* Record excerpts
lemma continuous_on_lam_y: "continuous_on \<Omega> lam_y"
  unfolding lam_y_def[abs_def]
  using C1_on_coefficients differentiable_imp_continuous_on discriminant_pos unfolding C1_on_def
  by (intro continuous_intros) (auto simp: less_imp_neq[symmetric])

definition cdomain :: "complex set" where
  "cdomain = {z. (Re z, Im z) \<in> \<Omega>}"

definition lam_c :: "complex \<Rightarrow> complex" where
  "lam_c z = lam (Re z, Im z)"

definition lam_y_c :: "complex \<Rightarrow> complex" where
  "lam_y_c z = lam_y (Re z, Im z)"

text \<open>Constant along each complex characteristic \<open>y - \<lambda> x = const\<close> of Burgers' equation, on which
  \<open>\<lambda>\<close> itself is constant.\<close>

definition char_coord :: "real \<Rightarrow> complex \<Rightarrow> complex" where
  "char_coord x0 z = of_real (Im z) - of_real (Re z - x0) * lam_c z"

definition char_jac :: "real \<Rightarrow> complex \<Rightarrow> complex" where
  "char_jac x0 z = 1 - of_real (Re z - x0) * lam_y_c z"

lemma open_cdomain: "open cdomain"
proof -
  have "cdomain = (\<lambda>z. (Re z, Im z)) -` \<Omega>"
    by (auto simp: cdomain_def)
  then show ?thesis
    using open_vimage[OF open_domain linear_continuous_on[OF bounded_linear_Re_Im]] by simp
qed

lemma Im_lam_c_pos: "z \<in> cdomain \<Longrightarrow> Im (lam_c z) > 0"
  using discriminant_pos by (simp add: lam_c_def lam_eq cdomain_def)

lemma has_derivative_lam_c:
  assumes z: "z \<in> cdomain"
  shows "(lam_c has_derivative (\<lambda>v. char_form (lam_c z) v * lam_y_c z)) (at z)"
proof -
  have "(lam has_derivative (\<lambda>v. char_form (lam (Re z, Im z)) (Complex (fst v) (snd v)) * lam_y (Re z, Im z)))
      (at ((\<lambda>z. (Re z, Im z)) z))"
    using z by (intro has_derivative_lam) (simp add: cdomain_def)
  from diff_chain_at[OF bounded_linear_imp_has_derivative[OF bounded_linear_Re_Im] this]
  show ?thesis
    by (simp add: o_def lam_c_def[abs_def] lam_y_c_def)
qed

lemma has_derivative_char_coord:
  assumes z: "z \<in> cdomain"
  shows "(char_coord x0 has_derivative (\<lambda>v. char_jac x0 z * char_form (lam_c z) v)) (at z)"
proof -
  have "(char_coord x0 has_derivative (\<lambda>v. of_real (Im v) -
      (of_real (Re z - x0) * (char_form (lam_c z) v * lam_y_c z) + of_real (Re v) * lam_c z))) (at z)"
    unfolding char_coord_def[abs_def]
    by (rule derivative_eq_intros has_derivative_lam_c[OF z]
        bounded_linear.has_derivative[OF bounded_linear_of_real] bounded_linear.has_derivative[OF bounded_linear_Re]
        bounded_linear.has_derivative[OF bounded_linear_Im] refl | simp)+
  then show ?thesis
    by (simp add: char_jac_def char_form_def algebra_simps)
qed

lemma continuous_on_lam_c: "continuous_on cdomain lam_c"
  and continuous_on_lam_y_c: "continuous_on cdomain lam_y_c"
  unfolding lam_c_def[abs_def] lam_y_c_def[abs_def]
  by (auto simp: cdomain_def intro!: continuous_on_compose2[OF continuous_on_lam] continuous_on_compose2[OF continuous_on_lam_y]
      continuous_intros)

lemma continuous_on_char_coord: "continuous_on cdomain (char_coord x0)"
  and continuous_on_char_jac: "continuous_on cdomain (char_jac x0)"
  unfolding char_coord_def[abs_def] char_jac_def[abs_def]
  using continuous_on_lam_c continuous_on_lam_y_c by (auto intro!: continuous_intros)

lemma char_coord_locally_injective:
  assumes z0: "z0 \<in> cdomain"
  obtains r where "r > 0" "ball z0 r \<subseteq> cdomain" "inj_on (char_coord (Re z0)) (ball z0 r)"
proof (rule has_derivative_locally_injective[OF z0 open_cdomain bounded_linear_char_form_inv,
      where f' = "\<lambda>z v. char_jac (Re z0) z * char_form (lam_c z) v"])
  show "char_form_inv (lam_c z0) \<circ> (\<lambda>v. char_jac (Re z0) z0 * char_form (lam_c z0) v) = id"
    using Im_lam_c_pos[OF z0] by (simp add: char_jac_def char_form_inv_char_form fun_eq_iff)
  show "(char_coord (Re z0) has_derivative (\<lambda>v. char_jac (Re z0) z * char_form (lam_c z) v)) (at z)"
    if "z \<in> cdomain" for z
    using that by (rule has_derivative_char_coord)
  fix e :: real assume e: "e > 0"
  define g where "g z = norm (char_jac (Re z0) z - char_jac (Re z0) z0) +
      norm (char_jac (Re z0) z * lam_c z - char_jac (Re z0) z0 * lam_c z0)" for z
  have "continuous_on cdomain g"
    unfolding g_def[abs_def] using continuous_on_char_jac continuous_on_lam_c
    by (intro continuous_intros)
  then have "isCont g z0"
    using z0 open_cdomain continuous_on_eq_continuous_at by blast
  then obtain d where d: "d > 0" "\<And>z. dist z z0 < d \<Longrightarrow> dist (g z) (g z0) < e"
    using e unfolding continuous_at_eps_delta by blast
  have "g z0 = 0"
    by (simp add: g_def)
  then have small: "g z < e" if "dist z0 z < d" for z
    using d(2)[of z] that by (simp add: dist_commute dist_real_def)
  have "onorm (\<lambda>v. char_jac (Re z0) z * char_form (lam_c z) v -
      char_jac (Re z0) z0 * char_form (lam_c z0) v) \<le> g z" for z
    unfolding g_def by (rule onorm_char_form_diff_le)
  with small d(1) show "\<exists>d>0. \<forall>z. dist z0 z < d \<longrightarrow> onorm (\<lambda>v. char_jac (Re z0) z * char_form (lam_c z) v -
      char_jac (Re z0) z0 * char_form (lam_c z0) v) < e"
    by (meson order.strict_trans1)
qed

lemma char_jac_nonzero_near:
  assumes z0: "z0 \<in> cdomain"
  obtains d where "d > 0" "\<And>z. z \<in> ball z0 d \<Longrightarrow> char_jac (Re z0) z \<noteq> 0"
proof -
  have "isCont (char_jac (Re z0)) z0"
    using z0 open_cdomain continuous_on_char_jac continuous_on_eq_continuous_at by blast
  moreover have "char_jac (Re z0) z0 = 1"
    by (simp add: char_jac_def)
  ultimately obtain d where d: "d > 0" "\<And>z. dist z z0 < d \<Longrightarrow> dist (char_jac (Re z0) z) 1 < 1"
    unfolding continuous_at_eps_delta by (metis zero_less_one)
  show ?thesis
  proof (rule that[OF d(1)])
    fix z assume "z \<in> ball z0 d"
    then have "dist (char_jac (Re z0) z) 1 < 1"
      using d(2) by (simp add: dist_commute)
    then show "char_jac (Re z0) z \<noteq> 0"
      by auto
  qed
qed
lemma Der_nth: "t < m \<Longrightarrow> Der n k \<pi> \<phi> ! t = pos_rank df_letters (df_letter (pos (Suc t)))"
  using pos_kept[of "Suc t"] kept_pos_less by (simp add: Der_eq df_nth)

lemma w_kept: "1 \<le> i \<Longrightarrow> i \<le> m \<Longrightarrow> w i = ereal (of_int (pos_rank df_letters (df_letter (pos i))))"
  using Der_nth[of "i - 1"] unfolding wext_def Let_def length_Der by simp

lemma w_less_iff:
  assumes "1 \<le> i" "Suc i \<le> m"
  shows "w (Suc i) < w i \<longleftrightarrow> df_letter (pos (Suc i)) < df_letter (pos i)"
proof -
  have "df_letter (pos i) \<in> set df_letters" "df_letter (pos (Suc i)) \<in> set df_letters"
    using assms df_letter_in_df_letters pos_bounds by auto
  then show ?thesis
    using assms w_kept[of i] w_kept[of "Suc i"] strict_mono_on_less[OF strict_mono_on_pos_rank]
    by simp
qed

lemma w_le_Suc_iff: "i \<le> m \<Longrightarrow> w i \<le> w (Suc i) \<longleftrightarrow> i \<noteq> 0 \<and> i \<notin> der_descents"
  using w_0 w_Suc_m w_kept[of 1] m_pos w_less_iff[of i]
  by (cases "i = 0"; cases "i = m") (auto simp: descent_positions_def not_le)

lemma fall_is_descent:
  assumes "i \<le> m" "e i" "\<not> e (Suc i)"
  shows "\<not> w i \<le> w (Suc i)"
proof (cases "i = 0")
  case False
  have "i \<noteq> m" using assms(3) e_Suc_m by metis
  then have i: "1 \<le> i" "Suc i \<le> m" using assms(1) False by auto
  have exc: "pos i < \<pi> (pos i)" and "\<not> pos (Suc i) < \<pi> (pos (Suc i))"
    using assms i e_kept by auto
  then have "df_letter (pos (Suc i)) < df_letter (pos i)"
    using i kept_letters[of i] kept_letters[of "Suc i"] exc_value_beyond_slot[of i]
    by (cases "\<pi> (pos (Suc i)) = pos (Suc i)") auto
  then show ?thesis using w_less_iff[OF i] by (simp add: not_le)
qed (use w_le_Suc_iff in auto)

lemma rise_is_ascent:
  assumes "i \<le> m" "\<not> e i" "e (Suc i)"
  shows "w i \<le> w (Suc i)"
proof (cases "i = m")
  case False
  have "i \<noteq> 0" using assms(2) e_0 by metis
  then have i: "1 \<le> i" "Suc i \<le> m" using assms(1) False by auto
  have "\<not> pos i < \<pi> (pos i)" and exc: "pos (Suc i) < \<pi> (pos (Suc i))"
    using assms i e_kept by auto
  then have "df_letter (pos i) < df_letter (pos (Suc i))"
    using i kept_letters[of i] kept_letters[of "Suc i"] pos_less[of i "Suc i"]
    by (cases "\<pi> (pos i) = pos i") auto
  then show ?thesis using w_less_iff[OF i] by (simp add: not_less[symmetric])
qed (simp add: w_Suc_m)

lemma slot_type_eq:
  "i \<le> m \<Longrightarrow> ty i = (if e i \<and> \<not> e (Suc i) then 1 else if \<not> e i \<and> e (Suc i) then 2
     else if w i \<le> w (Suc i) then 3 else 4)"
  unfolding slot_type_def Let_def using fall_is_descent[of i] rise_is_ascent[of i]
  by (auto simp: not_le)

lemma slot_type_1_iff: "i \<le> m \<Longrightarrow> ty i = 1 \<longleftrightarrow> e i \<and> \<not> e (Suc i)"
  using slot_type_eq[of i] by simp

lemma slot_type_2_iff: "i \<le> m \<Longrightarrow> ty i = 2 \<longleftrightarrow> \<not> e i \<and> e (Suc i)"
  using slot_type_eq[of i] by simp

lemma t_cnt_1_eq_t_cnt_2: "t_cnt 1 n k \<pi> \<phi> = t_cnt 2 n k \<pi> \<phi>"
proof -
  have "t_cnt j n k \<pi> \<phi> = card {i. i < Suc m \<and> ty i = j}" for j
    unfolding t_cnt_def slots_def length_Der by (auto intro!: arg_cong[where f=card])
  moreover have "{i. i < Suc m \<and> ty i = 1} = {i. i < Suc m \<and> e i \<and> \<not> e (Suc i)}"
    and "{i. i < Suc m \<and> ty i = 2} = {i. i < Suc m \<and> \<not> e i \<and> e (Suc i)}"
    using slot_type_1_iff slot_type_2_iff by (auto simp: less_Suc_eq_le)
  ultimately show ?thesis
    using card_falls_eq_card_rises[of e, OF e_0 e_Suc_m] by simp
qed

lemma slots12_alternate:
  assumes "j < length (slots12 n k \<pi> \<phi>)"
  shows "ty (slots12 n k \<pi> \<phi> ! j) = (if even j then 1 else 2)"
proof -
  define Q where "Q i \<longleftrightarrow> ty i \<in> {1, 2}" for i
  have change_iff: "Q i \<longleftrightarrow> e i \<noteq> e (Suc i)" if "i \<le> m" for i
    using slot_type_eq[OF that] unfolding Q_def by auto
  have slots12: "slots12 n k \<pi> \<phi> = filter Q [0..<Suc m]"
    unfolding slots12_def length_Der Q_def by simp
  define c where "c = slots12 n k \<pi> \<phi> ! j"
  have "c \<in> set (filter Q [0..<Suc m])"
    using assms unfolding c_def slots12 by (rule nth_mem)
  then have c: "c \<le> m" "e c \<noteq> e (Suc c)"
    using change_iff by (auto simp del: upt_Suc)
  have "card {t. t < c \<and> Q t} = j"
    using card_less_filter_upt_nth assms unfolding c_def slots12 by blast
  moreover have "{t. t < c \<and> Q t} = {t. t < c \<and> e t \<noteq> e (Suc t)}"
    using c change_iff by auto
  ultimately have "e c \<longleftrightarrow> even j"
    using even_card_changes_iff[of e c, OF e_0] by simp
  then show ?thesis
    using c slot_type_1_iff[OF c(1)] slot_type_2_iff[OF c(1)] unfolding c_def[symmetric] by auto
qed

lemma des_word_Der: "des_word (Der n k \<pi> \<phi>) = card der_descents"
proof -
  let ?kept_letters = "map (\<lambda>i. df_letter (pos i)) [1..<m+1]"
  have "Der n k \<pi> \<phi> = map (pos_rank df_letters) ?kept_letters"
    by (rule nth_equalityI) (simp_all add: length_Der Der_nth del: upt_Suc)
  moreover have "set ?kept_letters \<subseteq> set df_letters"
    using pos_bounds df_letter_in_df_letters by (auto simp del: upt_Suc)
  then have "des_word (map (pos_rank df_letters) ?kept_letters) = des_word ?kept_letters"
    by (intro des_word_map_strict_mono_on monotone_on_subset[OF strict_mono_on_pos_rank])
  ultimately show ?thesis
    by (simp only: des_word_map_upt)
qed

lemma des_word_by_slots:
  assumes "\<And>i. i \<le> m \<Longrightarrow> card (descent_positions n g \<inter> {pos i..<pos (Suc i)})
    = of_bool (i \<in> der_descents) + of_bool (nonempty i \<and> ty i = j) + of_bool (nonempty i \<and> ty i = 3)"
  shows "des_word (map g [1..<n+1])
    = des_word (Der n k \<pi> \<phi>) + t_plus j n k \<pi> \<phi> + t_plus 3 n k \<pi> \<phi>"
proof -
  have t_plus_eq: "t_plus j' n k \<pi> \<phi> = (\<Sum>i\<le>m. of_bool (nonempty i \<and> ty i = j'))" for j'
    unfolding t_plus_def slots_def length_Der by (auto intro!: arg_cong[where f=card])
  have "(\<Sum>i\<le>m. of_bool (i \<in> der_descents)) = card ({..m} \<inter> der_descents)"
    by simp
  also have "{..m} \<inter> der_descents = der_descents"
    using descent_positions_subset[of m "\<lambda>i. df_letter (pos i)"] by auto
  finally have "card der_descents = (\<Sum>i\<le>m. of_bool (i \<in> der_descents))" ..
  moreover have "des_word (map g [1..<n+1]) = card (descent_positions n g \<inter> {pos 0..<pos (Suc m)})"
    using descent_positions_subset[of n g] pos_0 pos_Suc_m des_word_map_upt
    by (auto intro!: arg_cong[where f=card])
  moreover have "\<dots> = (\<Sum>i\<le>m. card (descent_positions n g \<inter> {pos i..<pos (Suc i)}))"
    by (rule card_Int_atLeastLessThan_split) (auto intro: mono_onI pos_le)
  ultimately show ?thesis
    using assms by (simp add: sum.distrib t_plus_eq des_word_Der)
qed

lemma pos_in_descents_iff_empty_slot:
  assumes "i \<le> m" "\<not> nonempty i" "\<And>j. 1 \<le> j \<Longrightarrow> j \<le> m \<Longrightarrow> g (pos j) = df_letter (pos j)"
  shows "pos i \<in> descent_positions n g \<longleftrightarrow> i \<in> der_descents"
proof -
  have next_pos: "pos (Suc i) = Suc (pos i)"
    using assms(2) pos_less[of i "Suc i"] assms(1) unfolding slot_nonempty_def by simp
  have "1 \<le> pos i \<longleftrightarrow> 1 \<le> i"
    using pos_0 pos_bounds[of i] assms(1) by (cases i) auto
  moreover have "pos i < n \<longleftrightarrow> i < m"
    using next_pos pos_Suc_m pos_bounds[of "Suc i"] assms(1) by (cases "i = m") auto
  ultimately show ?thesis
    using assms(3)[of i] assms(3)[of "Suc i"] next_pos
    unfolding descent_positions_def by auto
qed

lemma df_descents_in_slot:
  assumes "i \<le> m"
  shows "descent_positions n df_letter \<inter> {pos i..<pos (Suc i)}
    = {pos i} \<inter> descent_positions n df_letter"
proof -
  have "x \<notin> descent_positions n df_letter" if "pos i < x" "x < pos (Suc i)" for x
    using deleted_inside_slot[OF assms that] deleted_letters(1) df_letter_ge[of "Suc x"]
    unfolding descent_positions_def by fastforce
  then have "descent_positions n df_letter \<inter> {pos i..<pos (Suc i)} \<subseteq> {pos i}"
    by (auto simp: le_less)
  moreover have "pos i \<in> {pos i..<pos (Suc i)}"
    using pos_less assms by simp
  ultimately show ?thesis by blast
qed

lemma pf_descents_in_slot:
  assumes "i \<le> m"
  shows "descent_positions n pf_letter \<inter> {pos i..<pos (Suc i)}
    = {pos i, pos (Suc i) - 1} \<inter> descent_positions n pf_letter"
proof -
  have "x \<notin> descent_positions n pf_letter" if "pos i < x" "Suc x < pos (Suc i)" for x
    using deleted_inside_slot[OF assms, of x] deleted_inside_slot[OF assms, of "Suc x"] that
      deleted_letters(2) unfolding descent_positions_def by auto
  then have "descent_positions n pf_letter \<inter> {pos i..<pos (Suc i)} \<subseteq> {pos i, pos (Suc i) - 1}"
    by (force simp: le_less)
  moreover have "{pos i, pos (Suc i) - 1} \<subseteq> {pos i..<pos (Suc i)}"
    using pos_less[of i "Suc i"] assms by auto
  ultimately show ?thesis by blast
qed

* Problem to solve
Look through the records above for the string "else", then copy every line that has it.

* Written answer
  "i \<le> m \<Longrightarrow> ty i = (if e i \<and> \<not> e (Suc i) then 1 else if \<not> e i \<and> e (Suc i) then 2
     else if w i \<le> w (Suc i) then 3 else 4)"
  shows "ty (slots12 n k \<pi> \<phi> ! j) = (if even j then 1 else 2)"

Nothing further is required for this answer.